In 1917, according to the Petrograd Union of Anarcho-syndicalist Propaganda :
“The whole expanse of Russia is now covered by an intricate network of popular organizations: soviets of peasants’, workers’ and soldiers’ deputies, industrial unions, factory committees, unions of landless peasants, etc., etc. And with each day the conviction is growing among the toiling masses that only the people themselves, through their own non-party organizations, can accomplish the task of a fundamental social and economic reconstruction.” [June 1917 “Petrograd Union of Anarcho-Syndicalist Propaganda”]
As Maximoff also points out:
“The idea of “workers’ control”, carried out through the Factory Committees, an idea advocated by the Anarcho-Syndicalists from the very outset of the revolution, took root among the city workers, gaining such a strong hold on them as to force its acceptance, in a distorted form, of course, by the Socialist parties. The Social Democrats and the right Social-Revolutionists twisted this idea of workers’ control into that of State control over industry, with the participation of workers, leaving enterprises in the hands of the capitalists. As for the Bolsheviks, they were quite vague about the meaning of the term “workers’ control”, leaving it undefined, and making it a handy tool of demagogic propaganda.” [Syndicalists in the Russian Revolution]
The Bolsheviks concept of “workers control” was, at best, weak kneed and “merely legalized gains the workers committee movement in Russia had already achieved through class fights during 1917.”
[“Debate with the International Socialist Organization “ By Tom Wetzel, https://zcomm.org/zblogs/debate-with-the-international-socialist- organization-by-tom-wetzel/ ]
Anotherwords, The State and The Party, not the self-governing and independent non-state organizations of citizens, peasants and workers were to rule, to be in charge, to manage and control. The very antithesis of the slogan “All power to the soviets” and libertarian and grass roots oriented aims at the start of the revolution.

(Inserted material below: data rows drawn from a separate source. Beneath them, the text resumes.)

lemma calkin_hull_tensors_eq:
  assumes aa: "tensor a a \<in> principal a"
  shows "calkin_hull {tensor \<beta> \<gamma> | \<beta> \<gamma>. \<beta> \<in> principal a \<and> \<gamma> \<in> principal a} = principal a"
    (is "calkin_hull ?T = _")
proof (rule antisym)
  have calkin_principal: "calkin (principal a)"
    unfolding principal_eq by (rule calkin_dominated_seqs)
  have "tensor \<beta> \<gamma> \<in> principal a" if "\<beta> \<in> principal a" "\<gamma> \<in> principal a" for \<beta> \<gamma>
    using tensor_mem_dominated_seqs that aa unfolding principal_eq .
  then have T: "?T \<subseteq> principal a"
    by blast
  then show "calkin_hull ?T \<subseteq> principal a"
    by (rule calkin_hull_minimal[OF calkin_principal])
  have hull: "calkin (calkin_hull ?T)"
    using T calkin_subset_c0[OF calkin_principal] by (intro calkin_calkin_hull) (rule order_trans)
  have "a \<in> principal a"
    unfolding principal_eq by (rule a_in_dominated_seqs)
  then have "tensor a a \<in> ?T"
    by blast
  then have "tensor a a \<in> calkin_hull ?T"
    by (rule subsetD[OF calkin_hull_subset])
  then have "a \<in> calkin_hull ?T"
    by (rule calkin_mem_if_tensor_mem[OF hull])
  then have "dominated_seqs \<alpha> \<subseteq> calkin_hull ?T"
    by (rule dominated_seqs_subset[OF hull nonneg])
  then show "principal a \<subseteq> calkin_hull ?T"
    by (rule ord_eq_le_trans[OF principal_eq])
qed

lemma stable_principal_iff: "stable (principal a) \<longleftrightarrow> tensor a a \<in> principal a"
proof
  let ?T = "{tensor \<beta> \<gamma> | \<beta> \<gamma>. \<beta> \<in> principal a \<and> \<gamma> \<in> principal a}"
  assume "stable (principal a)"
  then have hull: "calkin_hull ?T = principal a"
    unfolding stable_def .
  have "a \<in> principal a"
    unfolding principal_eq by (rule a_in_dominated_seqs)
  then have "tensor a a \<in> ?T"
    by blast
  then show "tensor a a \<in> principal a"
    using calkin_hull_subset[of ?T] unfolding hull by blast
next
  assume "tensor a a \<in> principal a"
  then show "stable (principal a)"
    unfolding stable_def by (rule calkin_hull_tensors_eq)
qed

end

section \<open>The counting criterion\<close>

locale banded_seq = nonneg_null_seq +
  fixes \<omega> :: real
  assumes le_one: "\<And>n. \<alpha> n \<le> 1" and omega_pos: "0 < \<omega>" and omega_less_one: "\<omega> < 1"
begin

lemma pow_antimono: "i \<le> j \<Longrightarrow> \<omega> ^ j \<le> \<omega> ^ i"
  using omega_pos omega_less_one by (intro power_decreasing) auto

lemma pow_less_iff: "\<omega> ^ i < \<omega> ^ j \<longleftrightarrow> j < i"
  using omega_pos omega_less_one by (rule power_strict_decreasing_iff)

lemma pow_band_exists:
  assumes "0 < x" "x \<le> 1"
  obtains j where "\<omega> ^ (j + 1) < x" "x \<le> \<omega> ^ j"
proof -
  have ex: "\<exists>n. \<omega> ^ n < x"
    using real_arch_pow_inv[OF assms(1) omega_less_one] .
  define n where "n = (LEAST n. \<omega> ^ n < x)"
  have n: "\<omega> ^ n < x"
    unfolding n_def by (rule LeastI_ex[OF ex])
  then obtain j where j: "n = Suc j"
    using assms(2) by (cases n) auto
  have "\<not> \<omega> ^ j < x"
    using Least_le[of "\<lambda>n. \<omega> ^ n < x" j] unfolding n_def[symmetric] j by auto
  then show ?thesis
    using that n j by (simp add: not_less)
qed

definition band :: "nat \<Rightarrow> nat set" where
  "band i = {m. \<omega> ^ (i + 1) < \<alpha> m \<and> \<alpha> m \<le> \<omega> ^ i}"

lemma card_band: "card (band i) = Kw \<omega> \<alpha> i"
  unfolding band_def Kw_def by simp

lemma finite_band: "finite (band i)"
proof -
  have "band i \<subseteq> {m. \<alpha> m > \<omega> ^ (i + 1)}"
    unfolding band_def by auto
  then show ?thesis
    using finite_gt[of "\<omega> ^ (i + 1)"] omega_pos finite_subset by auto
qed

lemma band_unique: "m \<in> band i \<Longrightarrow> m \<in> band j \<Longrightarrow> i = j"
  unfolding band_def using pow_antimono[of "i + 1" j] pow_antimono[of "j + 1" i]
  by (cases i j rule: linorder_cases) auto

lemma UN_band: "(\<Union>i\<le>n. band i) = {m. \<alpha> m > \<omega> ^ (n + 1)}"
proof (induction n)
  case 0
  then show ?case
    using le_one by (auto simp: band_def)
next
  case (Suc n)
  have "{m. \<alpha> m > \<omega> ^ (Suc n + 1)} = {m. \<alpha> m > \<omega> ^ (n + 1)} \<union> band (Suc n)"
    using pow_antimono[of "n + 1" "Suc n + 1"] by (auto simp: band_def)
  then show ?case
    using Suc.IH by (simp add: atMost_Suc Un_commute)
qed

lemma Kt_eq_card: "Kt \<omega> \<alpha> n = card {m. \<alpha> m > \<omega> ^ (n + 1)}"
proof -
  have "card (\<Union>i\<le>n. band i) = (\<Sum>i\<le>n. card (band i))"
    using finite_band band_unique by (intro card_UN_disjoint) auto
  then show ?thesis
    unfolding Kt_def UN_band card_band by simp
qed

lemma outer_le_one: "outer p \<le> 1"
  unfolding outer_def using nonneg le_one by (auto intro: mult_le_one split: prod.split)

definition band_pairs :: "nat \<Rightarrow> (nat \<times> nat) set" where
  "band_pairs n = (\<Union>i\<le>n. \<Union>j\<le>i. band j \<times> band (i - j))"

lemma finite_band_pairs: "finite (band_pairs n)"
  unfolding band_pairs_def by (simp add: finite_band)

lemma Mt_eq_card: "Mt \<omega> \<alpha> n = card (band_pairs n)"
proof -
  have Mw: "Mw \<omega> \<alpha> i = card (\<Union>j\<le>i. band j \<times> band (i - j))" for i
  proof -
    have "card (\<Union>j\<le>i. band j \<times> band (i - j)) = (\<Sum>j\<le>i. card (band j \<times> band (i - j)))"
      using finite_band band_unique by (intro card_UN_disjoint) auto
    then show ?thesis
      unfolding Mw_def by (simp add: card_band card_cartesian_product)
  qed
  have "(\<Union>j\<le>i. band j \<times> band (i - j)) \<inter> (\<Union>j\<le>i'. band j \<times> band (i' - j)) = {}"
    if "i \<noteq> i'" for i i'
  proof -
    have "i = i'" if "p \<in> band j" "q \<in> band (i - j)" "p \<in> band j'" "q \<in> band (i' - j')" "j \<le> i" "j' \<le> i'"
      for p q j j'
      using band_unique[OF that(1,3)] band_unique[OF that(2,4)] that(5,6) by linarith
    then show ?thesis
      using \<open>i \<noteq> i'\<close> by blast
  qed
  then have "card (band_pairs n) = (\<Sum>i\<le>n. card (\<Union>j\<le>i. band j \<times> band (i - j)))"
    unfolding band_pairs_def using finite_band by (intro card_UN_disjoint) auto
  then show ?thesis
    unfolding Mt_def Mw by simp
qed

lemma band_pairs_subset: "band_pairs n \<subseteq> {p. outer p > \<omega> ^ (n + 2)}"
proof
  fix p
  assume "p \<in> band_pairs n"
  then obtain i j x y where ij: "i \<le> n" "j \<le> i" "p = (x, y)" "x \<in> band j" "y \<in> band (i - j)"
    unfolding band_pairs_def by auto
  have x: "\<omega> ^ (j + 1) < \<alpha> x" and y: "\<omega> ^ (i - j + 1) < \<alpha> y"
    using ij(4,5) unfolding band_def by auto
  have "0 < \<omega> ^ (j + 1)" "0 \<le> \<omega> ^ (i - j + 1)"
    using omega_pos by simp_all
  then have "\<omega> ^ (j + 1) * \<omega> ^ (i - j + 1) < \<alpha> x * \<alpha> y"
    using x y by (intro mult_strict_mono) auto
  also have "\<omega> ^ (j + 1) * \<omega> ^ (i - j + 1) = \<omega> ^ (i + 2)"
    using ij(2) by (simp flip: power_add)
  finally have "\<omega> ^ (n + 2) < \<alpha> x * \<alpha> y"
    using pow_antimono[of "i + 2" "n + 2"] ij(1) by linarith
  then show "p \<in> {p. outer p > \<omega> ^ (n + 2)}"
    using ij(3) unfolding outer_def by simp
qed

lemma subset_band_pairs: "{p. outer p > \<omega> ^ (n + 1)} \<subseteq> band_pairs n"
proof
  fix p
  assume "p \<in> {p. outer p > \<omega> ^ (n + 1)}"
  then obtain x y where p: "p = (x, y)" and xy: "\<alpha> x * \<alpha> y > \<omega> ^ (n + 1)"
    unfolding outer_def by (cases p) auto
  have "\<alpha> x * \<alpha> y \<le> \<alpha> x" "\<alpha> x * \<alpha> y \<le> \<alpha> y"
    using nonneg le_one by (simp_all add: mult_left_le mult_left_le_one_le)
  then have "x \<in> (\<Union>i\<le>n. band i)" "y \<in> (\<Union>i\<le>n. band i)"
    unfolding UN_band using xy by auto
  then obtain j l where jl: "x \<in> band j" "y \<in> band l"
    by blast
  then have "\<alpha> x * \<alpha> y \<le> \<omega> ^ j * \<omega> ^ l"
    using nonneg omega_pos unfolding band_def by (intro mult_mono) auto
  then have "\<omega> ^ (n + 1) < \<omega> ^ (j + l)"
    using xy by (simp add: power_add)
  then have "j + l \<le> n"
    unfolding pow_less_iff by simp
  then show "p \<in> band_pairs n"
    unfolding band_pairs_def p using jl by (intro UN_I[of "j + l"] UN_I[of j]) auto
qed

lemma Mt_le_Kt_if_dominated_by:
  assumes dom: "dominated_by outer \<alpha> C k" and "C > 0"
  obtains r where "r \<ge> 1" "\<And>n. Mt \<omega> \<alpha> n \<le> k * Kt \<omega> \<alpha> (n + r)"
proof -
  obtain j where "\<omega> ^ j < 1 / C"
    using real_arch_pow_inv[of "1 / C" \<omega>] omega_less_one \<open>C > 0\<close> by auto
  then have Cj: "C * \<omega> ^ j \<le> 1"
    using \<open>C > 0\<close> by (simp add: field_simps)
  have "Mt \<omega> \<alpha> n \<le> k * Kt \<omega> \<alpha> (n + (j + 1))" for n
  proof -
    define s where "s = \<omega> ^ (n + j + 2)"
    have "C * s = (C * \<omega> ^ j) * \<omega> ^ (n + 2)"
      unfolding s_def by (simp add: power_add algebra_simps)
    also have "\<dots> \<le> \<omega> ^ (n + 2)"
      using Cj omega_pos \<open>C > 0\<close> by (intro mult_left_le_one_le) auto
    finally have sub: "{p. outer p > \<omega> ^ (n + 2)} \<subseteq> {p. outer p > C * s}"
      by auto
    have fin: "finite {p. outer p > C * s}"
      using finite_outer_gt \<open>C > 0\<close> omega_pos unfolding s_def by simp
    have "Mt \<omega> \<alpha> n \<le> card {p. outer p > \<omega> ^ (n + 2)}"
      unfolding Mt_eq_card using band_pairs_subset finite_subset[OF sub fin] by (rule card_mono[rotated])
    also have "\<dots> \<le> card {p. outer p > C * s}"
      by (rule card_mono[OF fin sub])
    also have "\<dots> \<le> k * card {m. \<alpha> m > s}"
      using dominated_byD[OF dom] finite_gt omega_pos unfolding s_def by simp
    also have "card {m. \<alpha> m > s} = Kt \<omega> \<alpha> (n + (j + 1))"
      unfolding Kt_eq_card s_def by (simp add: add.assoc)
    finally show ?thesis .
  qed
  then show ?thesis
    using that[of "j + 1"] by simp
qed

The end of the revolutionary and constructive phase was at its end.
In drawing this to a close,
I thought Ida Mett, in her 1938 epic pamphlet “The Kronstadt Commune” put her finger on the pulse of the “socialist project”. The project of yesterday and today.
She observed that :
“The great ideological and political discussion between ‘realists’ and ‘dreamers’ between ‘scientific socialists’ and the ‘revolutionary volnitza ‘[or ‘open conference’.] was fought out, weapons in hand. It ended, in 1921, with the political and military defeat of the ‘dreamers’. But Stalin was to prove to the whole world that this defeat was also the defeat of socialism, .…”
The defeat of Kronstadt was the final defeat of what workers and citizen’s self-management might become.
Fifty years on I continue to be inspired by the libertarian tendencies of the Russian workers, the heroic Kronstadt sailors, the Paris Commune, the Spanish collectives and other struggles, for freedom from oppression, for a socialism that is self-managed and libertarian. The creation of a new society from below.
It is in their spirit that we carry on the struggle for freedom.